By Betsy Franco (editor)
Candlewick Press, 2001
Review by Liz Bass on Apr 6th 2002
Things I Have to Tell YouNot surprisingly, most of the writing in this companion piece to You Hear Me? is about relationships -- finding them, losing them, placing conditions upon them (beautifully done in "Apricot Bath"), and celebrating them. The best of these is an essay called "A Letter to My Great-Grandmother." In it, author Sayyadina Danishia M. Thomas plays some catch-up in her life and writes a paean to the woman who raised her. The writer had a strong, solid relationship with her great-grandmother, and it is reconstructed with such love and admiration that the rest of us can easily appreciate what it was like to be cared for so well.

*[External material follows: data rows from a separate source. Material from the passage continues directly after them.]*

lemma sum_slot_subsets_insert:
  "(\<Sum>j<k. \<Sum>S\<in>{S \<in> slot_subsets k m. j \<notin> S}. g (insert j S))
     = of_nat (Suc m) * (\<Sum>T\<in>slot_subsets k (Suc m). g T :: 'a::comm_semiring_1)"
proof -
  have reindex: "(\<Sum>S\<in>{S \<in> slot_subsets k m. j \<notin> S}. g (insert j S))
      = (\<Sum>T\<in>slot_subsets k (Suc m). if j \<in> T then g T else 0)" if "j < k" for j
  proof -
    have "(\<Sum>S\<in>{S \<in> slot_subsets k m. j \<notin> S}. g (insert j S))
        = (\<Sum>T\<in>{T \<in> slot_subsets k (Suc m). j \<in> T}. g T)"
      by (rule sum.reindex_bij_witness[of _ "\<lambda>T. T - {j}" "insert j"])
        (use that in \<open>auto simp: slot_subsets_def card_Diff_singleton insert_absorb
          finite_subset[OF _ finite_lessThan]\<close>)
    then show ?thesis by (simp add: sum.inter_filter)
  qed
  have count: "(\<Sum>j<k. if j \<in> T then g T else 0) = of_nat (Suc m) * g T"
    if "T \<in> slot_subsets k (Suc m)" for T
  proof -
    have "{j \<in> {..<k}. j \<in> T} = T" using that by (auto simp: slot_subsets_def)
    then show ?thesis
      using that sum.inter_filter[of "{..<k}" "\<lambda>_. g T" "\<lambda>j. j \<in> T"]
      by (simp add: slot_subsets_def)
  qed
  have "(\<Sum>j<k. \<Sum>S\<in>{S \<in> slot_subsets k m. j \<notin> S}. g (insert j S))
      = (\<Sum>j<k. \<Sum>T\<in>slot_subsets k (Suc m). if j \<in> T then g T else 0)"
    by (simp add: reindex)
  also have "\<dots> = (\<Sum>T\<in>slot_subsets k (Suc m). \<Sum>j<k. if j \<in> T then g T else 0)"
    by (rule sum.swap)
  also have "\<dots> = (\<Sum>T\<in>slot_subsets k (Suc m). of_nat (Suc m) * g T)"
    by (rule sum.cong[OF refl count])
  finally show ?thesis by (simp only: sum_distrib_left)
qed

lemma map_slots_update:
  assumes "N ** N = 0"
  shows "map_slots N S (vs(j := N *v vs j))
    = (if j \<notin> S then map_slots N (insert j S) vs else (map_slots N S vs)(j := 0))"
  using assms by (auto simp: map_slots_def fun_eq_iff matrix_vector_mul_assoc)

text \<open>Since \<open>N\<^sup>2 = 0\<close>, each slot can be hit by \<open>N\<close> at most once, so the \<open>m\<close>-th power of the
  derivation runs over the \<open>m\<close>-element sets of slots, each reached in \<open>m!\<close> orders.\<close>
lemma slot_derivation_power_square_zero:
  assumes NN: "N ** N = 0" and b: "is_kform k b"
  shows "(slot_derivation k N ^^ m) b vs = fact m * (\<Sum>S\<in>slot_subsets k m. b (map_slots N S vs))"
proof (induction m arbitrary: vs)
  case 0
  have "slot_subsets k 0 = {{}}"
    by (auto simp: slot_subsets_def finite_subset[OF _ finite_lessThan])
  then show ?case by (simp add: map_slots_def)
next
  case (Suc m)
  let ?g = "\<lambda>S. b (map_slots N S vs)"
  have drop_hit: "(\<Sum>S\<in>slot_subsets k m. b (map_slots N S (vs(j := N *v vs j))))
      = (\<Sum>S\<in>{S \<in> slot_subsets k m. j \<notin> S}. ?g (insert j S))" if "j < k" for j
    using that
    by (simp add: map_slots_update[OF NN] kform_zero[OF b] if_distrib[of b] sum.inter_filter
        cong: if_cong)
  have "(slot_derivation k N ^^ Suc m) b vs
      = (\<Sum>j<k. fact m * (\<Sum>S\<in>slot_subsets k m. b (map_slots N S (vs(j := N *v vs j)))))"
    by (simp add: slot_derivation_def Suc.IH fun_upd_def)
  also have "\<dots> = fact m * (\<Sum>j<k. \<Sum>S\<in>{S \<in> slot_subsets k m. j \<notin> S}. ?g (insert j S))"
    by (simp add: drop_hit sum_distrib_left)
  also have "\<dots> = fact (Suc m) * (\<Sum>S\<in>slot_subsets k (Suc m). ?g S)"
    by (simp only: sum_slot_subsets_insert[where g = ?g] fact_Suc mult_ac)
  finally show ?case .
qed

Women of all ages and in all cultures place great importance on relationships, and this is reflected in Things I Have To Tell You. But there is more to it than that. Some of the pieces reflect the female disgust with trying to achieve impossible standards of beauty, and others (like "Damn I Look Good") celebrate the achievement of those standards. There is a poem that express humor in the context of the what-in-the-world-shall-I-wear worry. In "Hallway Between Lunch and English," poet Danya Goodman says (in part):

    we march together toward
    The war we cannot name
    but at least we are dressed for it.

A reader emerges from the thirty-two pieces in Things I Have To Tell You a little more hopeful about youth than one feels after reading You Hear Me?. The girls and boys who contributed to these anthologies are roughly the same age and background and both books abound in adolescent angst. The writers express similar things -- a desire to be accepted for themselves, and a general view that societal restrictions are too stifling. Taken together, these books reinforce an age-old truth in human affairs. Simply put, men and women see things differently, and so do boys and girls.

Things I Have To Tell You is a kinder, gentler book than You Hear Me? and they are both worth a read. I would even go so far to say that the quality of all our lives greatly depends on what we make of what the boys have to say in You and the girls have to say in Things.

© 2002 Liz Bass

    Liz Bassis a retired teacher and principal of a continuation school in Northern California.